Gatchet’s work was part of the Interpreting Texas Past (ITP): African Americans Oral History Project, conducted under the Intellectual Entrepreneurship consortium, which is part of the Division of Diversity and Community Engagement, and was featured in Living Blues magazine.

ITP was an oral history project started a decade ago by Dr. Martha Norkunas, a public historian and a lecturer in the Anthropology Department. Spurred by the 40th anniversary of the Civil Rights Act in 2004, Norkunas began to concentrate on capturing the stories of African Americans. Norkunas and the students enrolled in her oral history seminars have collected 110 oral histories — 58 of those from east Austinites.

“The role of east Austin in shaping the City of Austin as we now know it is immense — the Austin music scene is a perfect example,” said Dr. Gregory Vincent, the university’s vice president for diversity and community engagement. “Preserving east Austin’s history continues to be important especially as plans for the African American Cultural Heritage District develop.”

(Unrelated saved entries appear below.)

lemma span_kernel_vecs: "vec.span (kernel_vec ` {..<\<alpha>}) = {x. T *v x = 0}"
proof
  show "vec.span (kernel_vec ` {..<\<alpha>}) \<subseteq> {x. T *v x = 0}"
    using T_kernel_vec subspace_matrix_kernel by (intro vec.span_minimal) auto
  show "{x. T *v x = 0} \<subseteq> vec.span (kernel_vec ` {..<\<alpha>})"
  proof
    fix w assume "w \<in> {x. T *v x = 0}"
    moreover obtain c where "w = comb c"
      using ex_comb by blast
    ultimately have "w = (\<Sum>\<theta><\<alpha>. c 0 \<theta> *s kernel_vec \<theta>)"
      using kernel_expansion by simp
    also have "\<dots> \<in> vec.span (kernel_vec ` {..<\<alpha>})"
      by (intro vec.span_sum vec.span_scale) (auto intro: vec.span_base)
    finally show "w \<in> vec.span (kernel_vec ` {..<\<alpha>})" .
  qed
qed

lemma homogeneous_imp_comb:
  "w \<in> homogeneous \<theta> \<Longrightarrow> \<exists>c. w = comb c \<and> (\<forall>s t. s + t \<noteq> \<theta> \<longrightarrow> c s t = 0)"
  unfolding homogeneous_def
proof (induction rule: vec.span_induct_alt)
  case base
  then show ?case
    using comb_zero by auto
next
  case (step k x y)
  then obtain s t where x: "x = z s t" "s < \<alpha>" "t < \<beta>" "s + t = \<theta>"
    by blast
  from step obtain c where c: "y = comb c" "\<forall>s t. s + t \<noteq> \<theta> \<longrightarrow> c s t = 0"
    by blast
  let ?c = "\<lambda>s' t'. k * (if s' = s \<and> t' = t then 1 else 0) + c s' t'"
  have "k *s x + y = comb ?c"
    using x c by (simp add: comb_add comb_scale comb_delta)
  moreover have "\<forall>s' t'. s' + t' \<noteq> \<theta> \<longrightarrow> ?c s' t' = 0"
    using c x by auto
  ultimately show ?case
    by blast
qed

lemma kernel_inter_homogeneous:
  assumes "\<theta> < \<alpha>"
  shows "{x. T *v x = 0} \<inter> homogeneous \<theta> = vec.span {kernel_vec \<theta>}"
proof
  show "vec.span {kernel_vec \<theta>} \<subseteq> {x. T *v x = 0} \<inter> homogeneous \<theta>"
    using T_kernel_vec[OF assms] kernel_vec_homogeneous[of \<theta>] subspace_matrix_kernel
    by (intro vec.span_minimal) (auto simp: homogeneous_def intro!: vec.subspace_inter vec.subspace_span)
  show "{x. T *v x = 0} \<inter> homogeneous \<theta> \<subseteq> vec.span {kernel_vec \<theta>}"
  proof
    fix w assume w: "w \<in> {x. T *v x = 0} \<inter> homogeneous \<theta>"
    then obtain c where c: "w = comb c" "\<forall>s t. s + t \<noteq> \<theta> \<longrightarrow> c s t = 0"
      using homogeneous_imp_comb by blast
    then have "w = (\<Sum>\<theta>'<\<alpha>. c 0 \<theta>' *s kernel_vec \<theta>')"
      using w kernel_expansion by simp
    also have "\<dots> = (\<Sum>\<theta>'<\<alpha>. if \<theta>' = \<theta> then c 0 \<theta> *s kernel_vec \<theta> else 0)"
      using c(2) by (intro sum.cong) auto
    also have "\<dots> = c 0 \<theta> *s kernel_vec \<theta>"
      using assms by simp
    finally show "w \<in> vec.span {kernel_vec \<theta>}"
      by (simp add: vec.span_base vec.span_scale)
  qed
qed

lemma dim_kernel: "vec.dim {x. T *v x = 0} = \<alpha>"
  using vec.dim_span_eq_card_independent[OF independent_kernel_vecs] span_kernel_vecs
    card_image[OF inj_on_kernel_vec] by simp

theorem kernel_graded_basis:
  "vec.dim {x. T *v x = 0} = \<alpha> \<and>
   (\<exists>x. (\<forall>\<theta><\<alpha>. x \<theta> \<noteq> 0 \<and> x \<theta> \<in> homogeneous \<theta> \<and>
           {x. T *v x = 0} \<inter> homogeneous \<theta> = vec.span {x \<theta>}) \<and>
        vec.span (x ` {..<\<alpha>}) = {x. T *v x = 0})"
  using dim_kernel kernel_vec_nonzero kernel_vec_homogeneous kernel_inter_homogeneous span_kernel_vecs
  by (intro conjI exI[of _ kernel_vec]) auto

end
lemma covar_ht_est_le:
  fixes M :: "'w measure"
  assumes M: "prob_space M" and F: "subalgebra M F" and U: "finite U" and Cl: "partition_on U Cl"
    and design: "clustered_switchback M U Cl T l W"
    and W_F: "\<And>j s. j \<in> U \<Longrightarrow> s \<in> {1..T} \<Longrightarrow> W j s \<in> measurable F (count_space UNIV)"
    and mu_range: "\<And>j s x w. 0 \<le> mu j s x w \<and> mu j s x w \<le> 1"
    and eps_sq: "\<And>j s. j \<in> U \<Longrightarrow> s \<in> {1..T} \<Longrightarrow> integrable M (\<lambda>\<omega>. eps j s \<omega> * eps j s \<omega>)"
    and cond_eps_sq: "\<And>j s. j \<in> U \<Longrightarrow> s \<in> {1..T} \<Longrightarrow>
      AE \<omega> in M. real_cond_exp M F (\<lambda>\<omega>. eps j s \<omega> * eps j s \<omega>) \<omega> \<le> \<sigma>\<^sup>2"
    and i: "i \<in> U" "i' \<in> U" and t: "t \<in> {1..T}" "t' \<in> {1..T}"
  shows "covar M (ht_est M U E \<delta> mu S W eps r i t) (ht_est M U E \<delta> mu S W eps r i' t')
         \<le> 4 * (1 + \<sigma>\<^sup>2) / (pexpo M U E \<delta> W r i t True * pexpo M U E \<delta> W r i' t' True)"
proof -
  interpret prob_space M by (rule M)
  have sym: "pexpo M U E \<delta> W r j s False = pexpo M U E \<delta> W r j s True"
    if "j \<in> U" "s \<in> {1..T}" for j s
    using M U Cl design that by (rule pexpo_False_eq_True)
  have dominated: "\<exists>g. integrable M g \<and> integral\<^sup>L M g \<le> 4 * (1 + \<sigma>\<^sup>2) / pexpo M U E \<delta> W r j s True
      \<and> (\<forall>\<omega>\<in>space M. (ht_est M U E \<delta> mu S W eps r j s \<omega>)\<^sup>2 \<le> g \<omega>)"
    if "j \<in> U" "s \<in> {1..T}" "0 < pexpo M U E \<delta> W r j s True" for j s
    using ht_est_square_dominated[where mu = mu and eps = eps, OF M F U W_F that(1,2) sym[OF that(1,2)]
        that(3) mu_range[of j s] eps_sq[OF that(1,2)] cond_eps_sq[OF that(1,2)]] .
  define p where "p = pexpo M U E \<delta> W r i t True"
  define p' where "p' = pexpo M U E \<delta> W r i' t' True"
  have p: "0 \<le> p" "p \<le> 1" "0 \<le> p'" "p' \<le> 1"
    unfolding p_def p'_def pexpo_def by auto
  show ?thesis
  proof (cases "p = 0 \<or> p' = 0")
    case True
    (* Then one of the estimators is 0, by the junk value of division by zero. *)
    then have "ht_est M U E \<delta> mu S W eps r i t = (\<lambda>_. 0) \<or> ht_est M U E \<delta> mu S W eps r i' t' = (\<lambda>_. 0)"
      using ht_est_eq_zero[OF sym[OF i(1) t(1)]] ht_est_eq_zero[OF sym[OF i(2) t(2)]]
      unfolding p_def p'_def by blast
    then show ?thesis
      using True by (auto simp: covar_def p_def p'_def)
  next
    case False
    then have p_pos: "0 < p" "0 < p'"
      using p by auto
    obtain g g' where g: "integrable M g" "integral\<^sup>L M g \<le> 4 * (1 + \<sigma>\<^sup>2) / p"
        "\<forall>\<omega>\<in>space M. (ht_est M U E \<delta> mu S W eps r i t \<omega>)\<^sup>2 \<le> g \<omega>"
      and g': "integrable M g'" "integral\<^sup>L M g' \<le> 4 * (1 + \<sigma>\<^sup>2) / p'"
        "\<forall>\<omega>\<in>space M. (ht_est M U E \<delta> mu S W eps r i' t' \<omega>)\<^sup>2 \<le> g' \<omega>"
      using dominated[OF i(1) t(1)] dominated[OF i(2) t(2)] p_pos unfolding p_def p'_def by blast
    have "covar M (ht_est M U E \<delta> mu S W eps r i t) (ht_est M U E \<delta> mu S W eps r i' t')
        \<le> (integral\<^sup>L M g + integral\<^sup>L M g') / 2"
      using g g' by (intro covar_le_of_square_le) auto
    also have "\<dots> \<le> (4 * (1 + \<sigma>\<^sup>2) / p + 4 * (1 + \<sigma>\<^sup>2) / p') / 2"
      using g(2) g'(2) by (intro divide_right_mono add_mono) auto
    also have "\<dots> \<le> 4 * (1 + \<sigma>\<^sup>2) / (p * p')"
      using p p_pos by (intro average_div_le_div_mult) auto
    finally show ?thesis
      unfolding p_def p'_def .
  qed
qed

The east Austin music scene thrived in large part because it was one of several communities in Texas that were part of the Chitlin’ Circuit. The circuit was a tour that included big-name African American musicians like B. B. King and Ike and Tina Turner. The tour began around Chicago and worked its way South, playing in venues where African Americans were able to listen to music.

Though big-name musicians played only in well-established east Austin clubs, many of the businesses frequented by east Austinites who loved music were informal spaces.

“So what a lot of them did was take their home, and little old box houses, it was kind of like a little living area and a bedroom, right here, and they’d knock this wall out, and block this right here, and they had a club,” Jennings told Gatchet. “They lived, put a room back here maybe, if the house was big enough they wouldn’t have to do nothing. Just move all that back here, and they had a club. And several houses did that.”

Other businesses were better known such as Charlie’s Playhouse, Ernie’s Chicken Shack and the Victory Grill. Hubbard and his band, “Bluesboy” Hubbard and the Jets, were regulars at Charlie’s Playhouse and the Chicken Shack, both owned by Charlie Earnest Gildon. Young Matthew Robinson would sneak into the clubs to listen to the music and sometimes jam with his father Matthew Robinson Sr.

“All it is is a conversation,” Robinson said. “That’s what music is, communicating a way of life. And it’s a lifetime thing if you love it. And if you don’t love it, it’s going to beat you down. [laughs] So, I realized that I was a bluesman, after many years of doing all kinds of things I finally realized it and I’m just going to accept my path and keep it going.”